2. Qualifying Relatives:
To be considered a qualifying relative, an individual must meet the following criteria:
a. Relationship or Residency: The person must either have a specific relationship with the taxpayer (e.g., parent, sibling, grandparent) or have lived with the taxpayer for the entire year as a member of their household.
b.
Gross Income: The individual's gross income must be below a certain threshold, which is determined annually by the IRS. For the tax year 2021, this threshold is $4,300.
c. Support: The taxpayer must have provided more than half of the individual's total support during the tax year.
d.

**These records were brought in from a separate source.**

lemma cot_add_cot_complement:
  fixes x :: "'a :: {real_normed_field, banach}"
  assumes "sin (2 * x) \<noteq> 0"
  shows "cot x + cot (of_real pi / 2 - x) = 2 / sin (2 * x)"
proof -
  have "sin x \<noteq> 0" "cos x \<noteq> 0" using assms unfolding sin_double by auto
  moreover have "cot (of_real pi / 2 - x) = sin x / cos x"
    unfolding cot_def sin_cos_eq[of x] cos_sin_eq[of x] by simp
  moreover have "cot x = cos x / sin x" by (simp add: cot_def)
  ultimately have "cot x + cot (of_real pi / 2 - x) = (cos x * cos x + sin x * sin x) / (sin x * cos x)"
    by (simp only:) (simp add: field_simps)
  then show ?thesis by (simp add: sin_cos_squared_add3 sin_double)
qed

lemma sums_ungroup_pairs:
  fixes f :: "nat \<Rightarrow> 'a :: real_normed_vector"
  assumes "f \<longlonglongrightarrow> 0" and "(\<lambda>k. f (2 * k) + f (2 * k + 1)) sums s"
  shows "f sums s"
proof -
  have even: "(\<lambda>k. sum f {..<2 * k}) \<longlonglongrightarrow> s"
  proof -
    have "sum f {..<2 * k} = (\<Sum>j<k. f (2 * j) + f (2 * j + 1))" for k
      by (induction k) simp_all
    with assms(2) show ?thesis by (simp add: sums_def)
  qed
  have "(\<lambda>k. f (2 * k)) \<longlonglongrightarrow> 0"
    using LIMSEQ_subseq_LIMSEQ[OF assms(1), of "\<lambda>k. 2 * k"] by (simp add: strict_mono_def o_def)
  with even have odd: "(\<lambda>k. sum f {..<2 * k} + f (2 * k)) \<longlonglongrightarrow> s + 0"
    by (rule tendsto_add)
  from even odd show ?thesis
    unfolding sums_def by (intro limseq_even_odd[of "\<lambda>n. sum f {..<n}"]) simp_all
qed

lemma LIMSEQ_one_over_of_nat_add:
  fixes w :: complex
  shows "(\<lambda>n. 1 / (of_nat n + w)) \<longlonglongrightarrow> 0"
  by (rule tendsto_divide_0[OF tendsto_const],
      rule tendsto_add_filterlim_at_infinity'[OF tendsto_of_nat tendsto_const])

lemma pi_cot_half_add_pi_cot_half_complement:
  fixes u :: complex
  assumes "u \<notin> \<int>"
  shows "1/2 * (of_real pi * cot (of_real pi * (u / 2)) + of_real pi * cot (of_real pi * ((1 - u) / 2)))
           = of_real pi / sin (of_real pi * u)"
proof -
  define a where "a = of_real pi * (u / 2)"
  have double: "2 * a = of_real pi * u" unfolding a_def by simp
  have complement: "of_real pi * ((1 - u) / 2) = of_real pi / 2 - a"
    unfolding a_def by (simp add: field_simps)
  have "1/2 * (of_real pi * cot a + of_real pi * cot (of_real pi * ((1 - u) / 2)))
      = of_real pi / 2 * (cot a + cot (of_real pi / 2 - a))"
    unfolding complement by (simp add: algebra_simps)
  also have "\<dots> = of_real pi / sin (of_real pi * u)"
    using assms cot_add_cot_complement[of a] unfolding double by (simp add: sin_pi_times_eq_0_iff)
  finally show ?thesis unfolding a_def .
qed
lemma saddle_Delta_ge:
  fixes n r x s :: real
  assumes "n \<ge> 0" "0 < s" "s \<le> 0.08"
  defines "N \<equiv> n * s - 2 * \<bar>r - n * (1/2 + sqrt 2 / 4)\<bar> + 3 * min (x - n * sqrt 2 / 2 + 1) 0"
  assumes "N \<ge> 0"
  shows "N / 3 \<le> 2 * r * (sqrt 2 - 1 + s)^2 / (sqrt 2 + s)^2 - (r - x - 1)"
proof -
  define w where "w = sqrt (2::real)"
  define z where "z = w - 1 + s"
  define \<alpha> where "\<alpha> = 1/2 + w / 4"
  define D where "D = x - n * w / 2 + 1"
  have w: "w^2 = 2" "1.414 \<le> w" "w \<le> 1.4143"
    using sqrt2_bounds by (simp_all add: w_def)
  have z: "0.4 \<le> z" "z \<le> 0.5"
    using w assms by (simp_all add: z_def)
  have "(1 + z)^2 \<le> 1.5^2" "(1 - z)^2 \<le> 1^2"
    using z by (intro power_mono; simp)+
  then have "(1 + z)^2 \<le> 3" "(1 - z)^2 \<le> 1"
    by (simp_all add: power2_eq_square)
  moreover have "2 * z^2 - (1 + z)^2 = (1 - z)^2 - 2"
    by (simp add: power2_eq_square algebra_simps)
  ultimately have sq: "0 < (1 + z)^2" "(1 + z)^2 \<le> 3" "\<bar>2 * z^2 - (1 + z)^2\<bar> \<le> 2"
    using z by (auto simp: abs_le_iff)
  have "2 * r * z^2 - (r - x - 1) * (1 + z)^2
          = n * s * (1 + (1/2 + 3 * w / 4) * s) + (r - n * \<alpha>) * (2 * z^2 - (1 + z)^2) + D * (1 + z)^2"
    using w(1) by (simp add: z_def \<alpha>_def D_def power2_eq_square field_simps)
  moreover have "n * s \<le> n * s * (1 + (1/2 + 3 * w / 4) * s)"
    using assms w mult_left_mono[of 1 "1 + (1/2 + 3 * w / 4) * s" "n * s"] by simp
  moreover have "- 2 * \<bar>r - n * \<alpha>\<bar> \<le> (r - n * \<alpha>) * (2 * z^2 - (1 + z)^2)"
    using sq(3) abs_mult[of "r - n * \<alpha>" "2 * z^2 - (1 + z)^2"]
      mult_left_mono[OF sq(3), of "\<bar>r - n * \<alpha>\<bar>"] by (simp add: abs_le_iff)
  moreover have "3 * min D 0 \<le> D * (1 + z)^2"
    using sq by (cases "D \<ge> 0") (auto intro: mult_left_mono_neg)
  ultimately have N: "N \<le> 2 * r * z^2 - (r - x - 1) * (1 + z)^2"
    unfolding N_def by (simp add: w_def \<alpha>_def D_def)
  then have "N / 3 \<le> (2 * r * z^2 - (r - x - 1) * (1 + z)^2) / 3"
    by (simp add: divide_right_mono)
  also have "\<dots> \<le> (2 * r * z^2 - (r - x - 1) * (1 + z)^2) / (1 + z)^2"
    using sq N assms(5) by (intro divide_left_mono) auto
  also have "\<dots> = 2 * r * z^2 / (1 + z)^2 - (r - x - 1)"
    using sq by (simp add: diff_divide_distrib)
  also have "1 + z = sqrt 2 + s"
    by (simp add: z_def w_def)
  finally show ?thesis
    by (simp add: z_def w_def)
qed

Joint Return: If the individual is married, they cannot file a joint return unless it is solely to claim a refund and no tax liability would exist if they filed separately.
It is important to note that there are additional rules and exceptions that may apply in specific situations, such as divorced or separated parents, multiple support agreements, or special circumstances for disabled individuals. The IRS provides detailed guidelines and resources to help taxpayers determine if someone qualifies as their dependent for tax purposes.
Understanding the criteria for someone to be considered a dependent for tax purposes is crucial when determining eligibility for various tax benefits, such as the Child Tax Credit. Taxpayers should consult the IRS guidelines or seek professional advice to ensure accurate determination and proper utilization of these tax benefits.